Однако меняются, ах как меняются люди на руководящих постах! Видно, и промах с «Белой гвардией» кое-чему научил. Уж Куза не тот. В пользу комедии он приводит самый значительный аргумент.

Шестнадцатого сентября предполагаемый автор комедии получает приятнейшее письмо:

«Дорогой Михаил Афанасьевич! Между Вами и Мироновым произошло досадное недоразумение. Он ждал Вас все это время, в надежде, что Вы зайдете за деньгами. Посылаем Вам 100 рублей. Надеюсь, что по выздоровлении Вы зайдете к нам для просмотра составленного проекта договора и его подписания. Желаем скорейшего выздоровления...»

Сто рублей получаются, причем получаются в самое нужное время, поскольку бедствует он. На договорчик тоже любопытно взглянуть. Нервишки несколько утишаются. Настроение становится лучше. Он с дивана встает, прибредает в театр. Договорчик так себе, сносный, не больше того. А делать-то что? Он подписывает и возвращается на диван.

Ах, неисповедимые пути Господни! Ах, тайны творчества, непроглядные, не постижимые ни для какого ума!

Осень проходит бесцветно, в тоске. Первый морозец прихватывает. Иней по утрам. Но зерно уже пало в душу художника. В оскорбленную душу. В душу, кипящую благородным негодованием. Это надо особенно твердо понять. Любое зерно в такой раскаленной душе не может не прорасти. Иное дело холодные, мертвые души. В холодной, мертвой душе, какого туда зерна ни вали, не прорастет решительно ничего.

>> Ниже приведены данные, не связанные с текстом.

(* Fix $T\ge1$, $M>0$, $c>0$ and $\alpha$ with $\zeta(\alpha)\le 2$ ($\alpha\ge\zeta^{-1}(2)\approx1.7286$, $\zeta$ the Riemann zeta function). Let $E=\{0,1,\dots,\lfloor\log_2\sqrt{2T-1}\rfloor\}$. For each $i\in E$, expert $e_i$ runs OGP on $C$ with step $\eta_i=\frac{\rho}{\varrho\sqrt M}2^i$, subgradients $x_t^*(i)\in\partial\varphi_t(x_t(i))$ and arbitrary predictions $\widehat x_t^*(i)\in H$ with $\|\widehat x_t^*(i)\|\le\varrho$, producing $x_t(i)\in C$. A meta-learner runs ONES over $E$ with $\theta=c/\sqrt M$ and $\widetilde w_1(i)=\beta(i+2)^{-\alpha}$, $\beta^{-1}=\sum_{i\in E}(i+2)^{-\alpha}$, loss vectors $\ell_t(i)=\langle g_t,x_t(i)\rangle$ with $g_t\in\partial\varphi_t(\overline x_t)$, $\overline x_t=\sum_{i\in E}w_t(i)x_t(i)$, and arbitrary prediction vectors $\widehat\ell_t$; assume $\|\ell_t\|_\infty\le\rho\varrho$ and $\|\widehat\ell_t\|_\infty\le\rho\varrho$ for all $t$. Define $$Q_T(j)=4+\varrho^{-2}\sum_{t=1}^{T-1}\|x_t^*(j)-\widehat x_t^*(j)\|^2,\quad L_T=4+\rho^{-2}\varrho^{-2}\sum_{t=1}^{T-1}\|\ell_t-\widehat\ell_t\|_\infty^2,\quad M_T=\max\{L_T,\max_{j\in E}Q_T(j)\},$$ and suppose $M_T\le M$. Then there is a constant $K$ depending only on $\rho,\varrho,\alpha,c$ such that for every $z_1,\dots,z_T\in C$, with $P_T=\sum_{t=2}^T\|z_t-z_{t-1}\|$, $$\sum_{t=1}^T\varphi_t(\overline x_t)-\varphi_t(z_t)\le K\sqrt{(1+P_T)M}.$$
   Context: $H$ real Hilbert space; $C\subset H$ nonempty closed convex with diameter $\rho=\sup_{x,y\in C}\|x-y\|\in(0,\infty)$; losses $\varphi_t$ convex with $C\subset\operatorname{dom}\partial\varphi_t$ and $\|g\|\le\varrho<\infty$ for all $g\in\partial\varphi_t(x)$, $x\in C$. OGP with step $\eta$: $\widetilde{x}_{t+1}=P_C(\widetilde{x}_t-\eta x_t^* )$, $x_{t+1}=P_C(\widetilde{x}_{t+1}-\eta\widehat{x}_{t+1}^* )$, $\widetilde x_1\in C$, $P_C$ the metric projection. ONES with step $\theta$: $\widetilde w_{t+1}=\mathscr N(\widetilde w_t\circ e^{-\theta\ell_t})$, $w_{t}=\mathscr N(\widetilde w_{t}\circ e^{-\theta\widehat\ell_{t}})$, $\mathscr N(u)=u/\|u\|_1$, $\circ$ the Hadamard product. *)

theory Defs
  imports "HOL-Analysis.Analysis"
begin

definition zeta_real :: "real \<Rightarrow> real" where
  "zeta_real s = (\<Sum>n. 1 / (real (Suc n)) powr s)"

definition convex_ereal :: "('a::real_vector \<Rightarrow> ereal) \<Rightarrow> bool" where
  "convex_ereal f \<longleftrightarrow> (\<forall>x. f x \<noteq> -\<infinity>) \<and>
     (\<forall>x y u. 0 \<le> u \<and> u \<le> 1 \<longrightarrow>
        f ((1 - u) *\<^sub>R x + u *\<^sub>R y) \<le> ereal (1 - u) * f x + ereal u * f y)"

definition subdiff :: "('a::real_inner \<Rightarrow> ereal) \<Rightarrow> 'a \<Rightarrow> 'a set" where
  "subdiff f x = {g. \<bar>f x\<bar> \<noteq> \<infinity> \<and> (\<forall>y. f x + ereal (inner g (y - x)) \<le> f y)}"

definition metric_proj :: "'a::real_inner set \<Rightarrow> 'a \<Rightarrow> 'a" where
  "metric_proj C v = (THE p. p \<in> C \<and> (\<forall>y\<in>C. norm (v - p) \<le> norm (v - y)))"

definition experts :: "nat \<Rightarrow> nat set" where
  "experts T = {0 .. nat \<lfloor>log 2 (sqrt (2 * real T - 1))\<rfloor>}"

text \<open>Optimistic gradient projection (OGP) run of one expert with step eta:
  xs t = subgradients x_t^*, xh t = predictions, xt t = tilde x_t, x t = x_t.\<close>
definition ogp_run :: "'a::real_inner set \<Rightarrow> real \<Rightarrow> (nat \<Rightarrow> 'a) \<Rightarrow> (nat \<Rightarrow> 'a)
    \<Rightarrow> (nat \<Rightarrow> 'a) \<Rightarrow> (nat \<Rightarrow> 'a) \<Rightarrow> bool" where
  "ogp_run C \<eta> xs xh xt x \<longleftrightarrow> xt 1 \<in> C \<and>
     (\<forall>t\<ge>1. xt (Suc t) = metric_proj C (xt t - \<eta> *\<^sub>R xs t)) \<and>
     (\<forall>t\<ge>1. x t = metric_proj C (xt t - \<eta> *\<^sub>R xh t))"

definition ones_run :: "nat set \<Rightarrow> real \<Rightarrow> (nat \<Rightarrow> real) \<Rightarrow> (nat \<Rightarrow> nat \<Rightarrow> real)
    \<Rightarrow> (nat \<Rightarrow> nat \<Rightarrow> real) \<Rightarrow> (nat \<Rightarrow> nat \<Rightarrow> real) \<Rightarrow> (nat \<Rightarrow> nat \<Rightarrow> real) \<Rightarrow> bool" where
  "ones_run E \<theta> w1 l lh wt w \<longleftrightarrow>
     (\<forall>i\<in>E. wt 1 i = w1 i) \<and>
     (\<forall>t\<ge>1. \<forall>i\<in>E. wt (Suc t) i =
        wt t i * exp (- \<theta> * l t i) / (\<Sum>j\<in>E. wt t j * exp (- \<theta> * l t j))) \<and>
     (\<forall>t\<ge>1. \<forall>i\<in>E. w t i =
        wt t i * exp (- \<theta> * lh t i) / (\<Sum>j\<in>E. wt t j * exp (- \<theta> * lh t j)))"

definition supnorm :: "nat set \<Rightarrow> (nat \<Rightarrow> real) \<Rightarrow> real" where
  "supnorm E v = Max ((\<lambda>i. \<bar>v i\<bar>) ` E)"

end

theory Submission
  imports Defs
begin

text \<open>
  Fix a comparator sequence z of path length P. The OGP expert with step \<eta> has linearized regret
  \<Sum>t \<langle>xs t, x t - z t\<rangle> at most \<eta>/2 \<Sum>t \<parallel>xs t - xh t\<parallel>^2 + (\<rho>^2 + 2\<rho>P)/(2\<eta>): the two projection
  inequalities of a round telescope in \<parallel>xt t - z t\<parallel>^2, and each move of the comparator costs
  2\<rho>\<parallel>z t - z (t - 1)\<parallel>. The ONES meta-learner has regret at most
  (-ln (w1 i) + 2\<theta>^2 \<Sum>t \<parallel>l t - lh t\<parallel>\<infinity>^2)/\<theta> against every expert i, by the potential
  ln \<Sum>j wt t j exp(-\<theta> l t j), and \<zeta>(\<alpha>) \<le> 2 gives -ln (w1 i) \<le> \<alpha> ln(i + 2). Two subgradient
  inequalities bound the dynamic regret by the meta regret plus the regret of any single expert.
  For i = \<lfloor>log2 \<surd>(1 + 2P/\<rho>)\<rfloor>, which lies in E because P \<le> \<rho>(T - 1), the step of expert i is within
  a factor 2 of the optimal one, and both regrets are O(\<surd>((1 + P) M)).
\<close>

section \<open>Metric projection onto closed convex sets\<close>

lemma norm_diff_sq_midpoint:
  fixes v p q :: "'a::real_inner"
  shows "(norm (p - q))\<^sup>2 = 2 * (norm (v - p))\<^sup>2 + 2 * (norm (v - q))\<^sup>2 - 4 * (norm (v - midpoint p q))\<^sup>2"
  unfolding midpoint_def power2_norm_eq_inner
  by (simp add: inner_simps inner_commute algebra_simps)

lemma near_minimizers_close:
  fixes C :: "'a::real_inner set"
  assumes "convex C" "p \<in> C" "q \<in> C"
    and "(norm (v - p))\<^sup>2 \<le> (infdist v C)\<^sup>2 + e1" "(norm (v - q))\<^sup>2 \<le> (infdist v C)\<^sup>2 + e2"
  shows "(norm (p - q))\<^sup>2 \<le> 2 * (e1 + e2)"
proof -
  have "midpoint p q \<in> C"
    using convexD[OF assms(1-3), of "1/2" "1/2"] by (simp add: midpoint_def scaleR_right_distrib)
  then have "infdist v C \<le> norm (v - midpoint p q)"
    by (metis infdist_le dist_norm)
  then have "(infdist v C)\<^sup>2 \<le> (norm (v - midpoint p q))\<^sup>2"
    by (simp add: infdist_nonneg power_mono)
  with assms(4,5) show ?thesis
    using norm_diff_sq_midpoint[of p q v] by (simp add: algebra_simps)
qed

lemma exists_near_minimizer:
  fixes C :: "'a::real_inner set"
  assumes "C \<noteq> {}" "e > 0"
  obtains y where "y \<in> C" "(norm (v - y))\<^sup>2 < (infdist v C)\<^sup>2 + e"
proof -
  define r where "r = sqrt ((infdist v C)\<^sup>2 + e)"
  have "(INF y\<in>C. dist v y) < r"
    using assms infdist_nonneg[of v C] infdist_notempty[OF assms(1), of v]
    by (simp add: r_def real_less_rsqrt)
  then obtain y where y: "y \<in> C" "dist v y < r"
    using cINF_less_iff[OF assms(1) bdd_below_image_dist] by blast
  then have "(norm (v - y))\<^sup>2 < r\<^sup>2"
    by (simp add: dist_norm power_strict_mono)
  also have "r\<^sup>2 = (infdist v C)\<^sup>2 + e"
    using assms(2) by (simp add: r_def add_nonneg_pos less_imp_le)
  finally show thesis using y(1) that by blast
qed

lemma minimizing_sequence_Cauchy:
  fixes C :: "'a::real_inner set"
  assumes "convex C" "\<And>n. Y n \<in> C" "\<And>n. (norm (v - Y n))\<^sup>2 \<le> (infdist v C)\<^sup>2 + 1 / Suc n"
  shows "Cauchy Y"
proof (rule metric_CauchyI)
  fix e :: real assume "e > 0"
  obtain N :: nat where "4 / e\<^sup>2 < N"
    using reals_Archimedean2 by blast
  then have "4 / e\<^sup>2 < Suc N"
    by simp
  then have "4 / Suc N < e\<^sup>2"
    using \<open>e > 0\<close> by (simp add: field_simps)
  have "dist (Y m) (Y n) < e" if "N \<le> m" "N \<le> n" for m n
  proof -
    have "(norm (Y m - Y n))\<^sup>2 \<le> 2 * (1 / Suc m + 1 / Suc n)"
      using near_minimizers_close[OF assms(1) assms(2) assms(2) assms(3) assms(3)] .
    also have "\<dots> \<le> 2 * (1 / Suc N + 1 / Suc N)"
      using that by (intro mult_left_mono add_mono) (simp_all add: frac_le)
    finally have "(dist (Y m) (Y n))\<^sup>2 < e\<^sup>2"
      using \<open>4 / Suc N < e\<^sup>2\<close> by (simp add: dist_norm)
    with \<open>e > 0\<close> show ?thesis
      by (simp add: power_less_imp_less_base)
  qed
  then show "\<exists>N. \<forall>m\<ge>N. \<forall>n\<ge>N. dist (Y m) (Y n) < e"
    by blast
qed

text \<open>The library's \<open>closest_point\<close> needs a Heine--Borel space; in a Hilbert space completeness
  replaces compactness, since minimizing sequences are Cauchy by the parallelogram law.\<close>

lemma nearest_point_exists:
  fixes C :: "'a::{real_inner,complete_space} set"
  assumes "closed C" "convex C" "C \<noteq> {}"
  obtains p where "p \<in> C" "\<forall>y\<in>C. norm (v - p) \<le> norm (v - y)"
proof -
  define d where "d = infdist v C"
  have "\<exists>y\<in>C. (norm (v - y))\<^sup>2 < d\<^sup>2 + 1 / Suc n" for n
    using exists_near_minimizer[OF assms(3), of "1 / Suc n" v] unfolding d_def by auto
  then obtain Y where Y: "\<And>n. Y n \<in> C" "\<And>n. (norm (v - Y n))\<^sup>2 < d\<^sup>2 + 1 / Suc n"
    by metis
  then have "Cauchy Y"
    by (intro minimizing_sequence_Cauchy[OF assms(2), of Y v]) (simp_all add: d_def less_imp_le)
  then obtain p where p: "Y \<longlonglongrightarrow> p"
    using Cauchy_convergent_iff convergent_def by blast
  have "p \<in> C"
    using closed_sequentially[OF assms(1)] Y(1) p by blast
  have "(\<lambda>n. (norm (v - Y n))\<^sup>2) \<longlonglongrightarrow> (norm (v - p))\<^sup>2"
    by (intro tendsto_intros p)
  moreover have "(\<lambda>n. d\<^sup>2 + 1 / Suc n) \<longlonglongrightarrow> d\<^sup>2 + 0"
    by (intro tendsto_intros LIMSEQ_Suc[OF lim_const_over_n])
  ultimately have "(norm (v - p))\<^sup>2 \<le> d\<^sup>2 + 0"
    by (rule LIMSEQ_le) (use Y(2) less_imp_le in blast)
  then have "norm (v - p) \<le> d"
    by (simp add: d_def infdist_nonneg power2_le_iff_abs_le)
  moreover have "d \<le> norm (v - y)" if "y \<in> C" for y
    using infdist_le[OF that, of v] by (simp add: d_def dist_norm)
  ultimately show thesis
    using that \<open>p \<in> C\<close> by fastforce
qed

lemma metric_proj_nearest:
  fixes C :: "'a::{real_inner,complete_space} set"
  assumes "closed C" "convex C" "C \<noteq> {}"
  shows "metric_proj C v \<in> C" "\<forall>y\<in>C. norm (v - metric_proj C v) \<le> norm (v - y)"
proof -
  obtain p where "p \<in> C" "\<forall>y\<in>C. norm (v - p) \<le> norm (v - y)"
    using nearest_point_exists[OF assms] .
  then have "\<exists>!p. p \<in> C \<and> (\<forall>y\<in>C. norm (v - p) \<le> norm (v - y))"
    using any_closest_point_unique[OF assms(2,1)] by (metis dist_norm)
  then have "metric_proj C v \<in> C \<and> (\<forall>y\<in>C. norm (v - metric_proj C v) \<le> norm (v - y))"
    unfolding metric_proj_def by (rule theI')
  then show "metric_proj C v \<in> C" "\<forall>y\<in>C. norm (v - metric_proj C v) \<le> norm (v - y)"
    by auto
qed

lemma metric_proj_inner_le:
  fixes C :: "'a::{real_inner,complete_space} set"
  assumes "closed C" "convex C" "y \<in> C"
  shows "inner (v - metric_proj C v) (y - metric_proj C v) \<le> 0"
proof -
  have "C \<noteq> {}" using assms(3) by blast
  then show ?thesis
    using any_closest_point_dot[OF assms(2,1) metric_proj_nearest(1) assms(3)] metric_proj_nearest(2)
    by (metis assms(1,2) dist_norm)
qed

section \<open>Optimistic gradient projection\<close>

lemma optimistic_step_bound:
  fixes xt xt' x a h u :: "'a::real_inner"
  assumes "inner (xt - \<eta> *\<^sub>R a - xt') (u - xt') \<le> 0"
    and "inner (xt - \<eta> *\<^sub>R h - x) (xt' - x) \<le> 0"
  shows "2 * \<eta> * inner a (x - u) \<le> \<eta>\<^sup>2 * (norm (a - h))\<^sup>2 + (norm (xt - u))\<^sup>2 - (norm (xt' - u))\<^sup>2"
proof -
  \<comment> \<open>Add the two projection inequalities and complete the square in \<open>\<eta> (a - h)\<close>.\<close>
  have "0 \<le> (norm (\<eta> *\<^sub>R (a - h) - (x - xt')))\<^sup>2" "0 \<le> (norm (xt - x))\<^sup>2"
    by simp_all
  with assms show ?thesis
    unfolding power2_norm_eq_inner
    by (simp add: inner_simps inner_commute algebra_simps power2_eq_square)
qed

«Тем временем дожди прекратились, и совершенно неожиданно ударил мороз. Окно разделало морозом в моей мансарде, и, сидя у окна и дыша на двугривенный и отпечатывая его на обледеневшей поверхности, я понял, что писать пьесы и не играть их — невозможно. Однако из-под полу по вечерам доносился вальс, один и тот же (кто-то разучивал его), и вальс этот порождал картинки в коробочке, довольно странные и редкие. Так, например, мне казалось, что внизу притон курильщиков опиума, и даже складывалось нечто, что я развязно мысленно называл — «третьим действием». Именно сизый дым, женщина с асимметричным лицом, какой-то фрачник, отравленный дымом, и подкрадывающийся к нему с финским отточенным ножом человек с лимонным лицом и раскосыми глазами. Удар ножом, поток крови. Бред, как видите! Чепуха! И куда отнести пьесу, в которой подобное третье действие?..»

Очень может быть, что именно этими основательными сомнениями он делится с очаровательным Кузой. Вероятно, и выступающий в роли искусителя Куза вполне понимает, что с таким «третьим действием» в наши беспокойные и превратные дни далеко не уедешь. То есть именно уедешь, и далеко. Однако, энергичный и молодой, еще не насладившийся вдоволь нашей шаткой действительностью, окрашенной в один-единственный цвет предательства и растления душ, актер и влиятельный член Совета все-таки уговаривает смущенного автора попробовать это треклятое действие написать, а там поглядим. Недаром же Михаил Афанасьевич позднее всем говорит:

— Это не я написал «Зойкину квартиру». Это Куза обмакнул меня в чернильницу и мной ее написал.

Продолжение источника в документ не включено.